2 Issues involved in experiments
2.1 Degree of control in controlled experiments
In an ideal RCT, the participants are randomly allocated to the treatment and control groups. Randomisation ensures that the treated group is, on average, similar to the control group in all aspects. All individuals in the treatment group receive the treatment, and none in the control group do. Finally, treatment only affects the treatment group and has no impact on the control group. In practice, however, this may not be the case.
Randomisation does not guarantee that all individuals allocated to the treatment group will receive the treatment. Some may refuse it, and some may drop out during the experiment. This question is especially relevant when the ‘treatment’ is a service rather than, e.g., a financial subsidy. If individuals cannot be forced to participate, researchers often estimate the impact of offering it as in the chapter on recruitment subsidies by Einiö and Nivala. As noted in the chapter by Sarvimäki and Izadi, even if participation in an experiment is in principle mandatory, the take-up is often incomplete as in the Finnish pre-school experiment. In cases when allocation to treatment is decentralised, researchers have an additional problem and must make sure that all units follow the same protocol in assigning individuals to treatment and control groups. This might be challenging, for example, in experiments on employment services, where multiple agencies are responsible for implementing the experiment.

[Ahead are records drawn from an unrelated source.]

text \<open>On the eigenvector below, the eigen-equations at all vertices but the hub 3 hold by
  construction; the equation at the hub is the quadratic in t = \<lambda>^2.\<close>

lemma U3_eigenvalue:
  fixes n :: nat and p t :: real
  defines "a \<equiv> sombor_weight p (real (n - 2)) 2" and "b \<equiv> sombor_weight p 2 2"
    and "c \<equiv> sombor_weight p (real (n - 2)) 1" and "k \<equiv> real (n - 4)"
  assumes n: "4 \<le> n" and t: "2 * b\<^sup>2 < t"
    and root: "t\<^sup>2 - (2 * b\<^sup>2 + 2 * a\<^sup>2 + k * c\<^sup>2) * t + 2 * k * b\<^sup>2 * c\<^sup>2 = 0"
  shows "eigenvalue (sombor_mat p n (U3_edge n)) (sqrt t)"
proof -
  define l where "l = sqrt t"
  have "0 < t"
    using t zero_le_power2[of b] by linarith
  then have l: "0 < l" "l\<^sup>2 = t"
    by (auto simp: l_def)
  have den: "0 < t - 2 * b\<^sup>2"
    using t by simp
  define X where "X = a * l / (t - 2 * b\<^sup>2)"
  have X: "X * (t - 2 * b\<^sup>2) = a * l"
    using den by (simp add: X_def)
  define v where "v = vec n (\<lambda>j. if j = 3 then 1 else if j = 0 \<or> j = 2 then X
      else if j = 1 then 2 * b * X / l else c / l)"
  have v: "v \<in> carrier_vec n"
    by (simp add: v_def)
  note row = U3_mult_vec[OF n v, where p = p, folded a_def b_def c_def]
  show ?thesis
    unfolding l_def[symmetric]
  proof (rule eigenvalueI[OF sombor_mat_carrier v])
    show "v \<noteq> 0\<^sub>v n"
      using n by (auto simp: v_def dest!: arg_cong[of _ _ "\<lambda>v. v $ 3"])
  next
    fix i assume i: "i < n"
    consider "i \<in> {0, 2}" | "i = 1" | "i = 3" | "4 \<le> i"
      by force
    then show "(sombor_mat p n (U3_edge n) *\<^sub>v v) $ i = l * v $ i"
    proof cases
      case 1
      have "b * (2 * b * X / l) + a = l * X"
        using X l by (simp add: field_simps power2_eq_square)
      then show ?thesis
        using row(1)[OF 1] 1 n by (auto simp: v_def)
    next
      case 2
      then show ?thesis
        using row(2) n l by (simp add: v_def)
    next
      case 3
      have "(\<Sum>j = 4..<n. c * v $ j) = k * c\<^sup>2 / l"
        by (simp add: v_def k_def power2_eq_square cong: sum.cong_simp)
      then have "(sombor_mat p n (U3_edge n) *\<^sub>v v) $ i = a * (X + X) + k * c\<^sup>2 / l"
        using row(3) 3 n by (simp add: v_def)
      also have "\<dots> = l"
        using U3_hub_equation[of l b X a k c] l den X root by simp
      finally show ?thesis
        using 3 n by (simp add: v_def)
    next
      case 4
      then show ?thesis
        using row(4)[OF 4 i] 4 i n l by (simp add: v_def)
    qed
  qed
qed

This issue is discussed in Vikström’s chapter on ALMP experiments.
It may also be the case that individuals allocated to the control group receive treatment from another provider or receive something similar to the treatment. For example, in the case of ALMP, individuals allocated to the control group in an experiment on enhanced job search assistance may buy similar services from private providers, or in decentralised experiments, some offices may not follow the randomisation protocol, and some individuals in the control group may be treated. These implementation problems complicate interpretation of the results.
In many cases, the treatment may also affect the control group. This is a serious problem. The role of the control group is to estimate what would have happened to the treatment group if it had not been treated. If the treatment also affects the control group, it cannot serve this purpose. Vikström’s ALMP chapter discusses an important case in which these spillover effects may be significant: enhanced job search services. If some unemployed job seekers are offered an enhanced service, it may improve their chances of finding a new job, but it may also lower the chances of other job seekers.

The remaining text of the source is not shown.